Di Amerika Serikat, jagung dijadikan tulang punggung etanol bukan semata demi lingkungan tetapi juga menopang lobi agrikultur. “E10 menjadi standar nasional bukan hanya karena alasan teknis, melainkan karena adanya sinergi politik energi, politik pangan, dan politik negara bagian penghasil jagung,” terang Andy.
Menurutnya, negara-negara Eropa Barat lebih berhati-hati dengan campuran E5 atau E10 sambil mengembangkan kendaraan listrik, sementara India, Tiongkok, Thailand, dan Filipina melihat etanol sebagai instrumen strategis mengurangi impor minyak dan menyerap surplus produksi pertanian.
Bagaimana dengan Indonesia? Andy menyebut, program bioetanol pernah diujicoba dengan peluncuran Pertamax E5–E10, namun terhenti karena keterbatasan pasokan.
“Energi terbarukan berbasis nabati di negeri ini justru lebih cepat maju di jalur biodiesel ketimbang bioetanol. Ini menunjukkan bahwa pilihan energi bukan hanya soal teknologi, tetapi juga ketersediaan bahan baku, infrastruktur, dan konsistensi kebijakan,” ujarnya.
Andy menegaskan bioetanol bukan sekadar energi alternatif, melainkan energi politis. “Di balik setiap angka blending—E3, E5, E10, E20, E85, E100—terselip narasi tentang bagaimana sebuah bangsa menghadapi persoalan iklim, bagaimana ia memperlakukan petaninya, dan bagaimana ia membangun ketahanan energi,” katanya.

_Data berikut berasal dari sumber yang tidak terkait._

lemma perm_tuple_diagonal:
  assumes ls: "ls \<in> perm_tuples i"
    and diag: "\<And>a. a \<in># sum_list (map perm_mset ls) \<Longrightarrow> fst a = snd a"
  shows "ls = replicate i id"
proof -
  have "\<sigma> = id" if \<sigma>: "\<sigma> \<in> set ls" for \<sigma>
  proof
    fix q
    have perm: "\<sigma> permutes {1..p}" using \<sigma> ls unfolding perm_tuples_def Perm_def by auto
    show "\<sigma> q = id q"
    proof (cases "q \<in> {1..p}")
      case True
      then have "(q, \<sigma> q) \<in># perm_mset \<sigma>" unfolding perm_mset_def by simp
      then have "(q, \<sigma> q) \<in># sum_list (map perm_mset ls)" using \<sigma> by auto
      then show ?thesis using diag by fastforce
    next
      case False then show ?thesis using perm unfolding permutes_def by simp
    qed
  qed
  then have "replicate (length ls) id = ls" by (intro replicate_length_same) blast
  then show ?thesis using ls unfolding perm_tuples_def by simp
qed

lemma index_key_eq_diag: "1 \<le> s \<Longrightarrow> 1 \<le> t \<Longrightarrow> index_key (s, t) = index_key (q, q) \<Longrightarrow> s = t"
  unfolding index_key_def by (simp add: max_def min_def split: if_splits)

lemma detpow_nonzero: "detpow i \<noteq> 0"
proof
  assume zero: "detpow i = 0"
  let ?T = "perm_tuples i" and ?id = "replicate i id"
  let ?M = "\<lambda>ls. image_mset index_key (sum_list (map perm_mset ls))"
  let ?c = "\<lambda>M. \<Sum>ls\<in>{ls \<in> ?T. ?M ls = M}. of_int (prod_list (map sign ls)) :: complex"
  have "detpow i = (\<Sum>ls\<in>?T. sc (of_int (prod_list (map sign ls))) (pbw (?M ls)))"
    unfolding detpow_expand pbw_index_key ..
  also have "\<dots> = (\<Sum>M\<in>?M ` ?T. \<Sum>ls\<in>{ls \<in> ?T. ?M ls = M}.
      sc (of_int (prod_list (map sign ls))) (pbw (?M ls)))"
    by (rule sum.image_gen[OF finite_perm_tuples])
  also have "\<dots> = (\<Sum>M\<in>?M ` ?T. sc (?c M) (pbw M))"
    unfolding vs.scale_sum_left by (rule sum.cong[OF refl]) (rule sum.cong, auto)
  finally have sum0: "(\<Sum>M\<in>?M ` ?T. sc (?c M) (pbw M)) = 0" using zero by simp
  have id: "?id \<in> ?T" unfolding perm_tuples_def Perm_def by (auto simp: permutes_id)
  have "?c (?M ?id) = 0"
  proof (rule pbw_independent[OF _ _ sum0])
    show "finite (?M ` ?T)" using finite_perm_tuples by simp
    show "?M ?id \<in> ?M ` ?T" using id by (rule imageI)
    show "set_mset M \<subseteq> Bminus d" if "M \<in> ?M ` ?T" for M using that index_key_Bminus by auto
  qed
  moreover have "{ls \<in> ?T. ?M ls = ?M ?id} = {?id}"
  proof (intro equalityI subsetI)
    fix ls assume "ls \<in> {ls \<in> ?T. ?M ls = ?M ?id}"
    then have ls: "ls \<in> ?T" and eq: "?M ls = ?M ?id" by auto
    have "fst a = snd a" if a: "a \<in># sum_list (map perm_mset ls)" for a
    proof -
      have "index_key a \<in># ?M ?id" unfolding eq[symmetric] using a by simp
      then obtain q where "index_key a = index_key (q, q)"
        unfolding perm_mset_def by (auto split: if_splits)
      then show ?thesis
        using perm_tuple_mset_block[OF ls a] index_key_eq_diag[of "fst a" "snd a" q] by auto
    qed
    then show "ls \<in> {?id}" using perm_tuple_diagonal[OF ls] by simp
  qed (use id in simp)
  ultimately show False by simp
qed

section \<open>The singular vector and a proper submodule\<close>

lemma detop_word_span_pos:
  assumes "x \<in> word_span"
  shows "detop x \<in> word_span_pos"
proof -
  have sub: "vs.subspace word_span_pos" unfolding word_span_pos_def by simp
  have "vperm \<sigma> {1..p} x \<in> word_span_pos" for \<sigma>
  proof -
    have "vperm \<sigma> {1..p} x = vneg (1, \<sigma> 1) (vperm \<sigma> ({1..p} - {1}) x)"
      using p_pos by (intro vperm_remove) auto
    then show ?thesis using assms by (simp add: vperm_def vmon_word_span vneg_word_span_pos)
  qed
  then show ?thesis unfolding detop_def by (intro vs.subspace_sum[OF sub] vs.subspace_scale[OF sub])
qed

lemma detpow_word_span: "detpow i \<in> word_span"
  by (induct i) (use w_in_word_span detop_word_span_pos word_span_pos_subset in
      \<open>auto simp: detpow_0 detpow_Suc\<close>)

Ia menutup dengan refleksi filosofis, mengutip Heidegger. “Teknologi bukan sekadar alat, melainkan cara manusia menyingkap dunia. Dalam hal ini, etanol adalah cara bangsa-bangsa menyingkap dunianya masing-masing: Brasil menyingkap dunia tebu, Amerika dunia jagung, India dunia molase, dan Indonesia dunia sawit. Pertanyaannya: dunia apa yang ingin kita singkap melalui kebijakan energi kita ke depan?” pungkas Andy.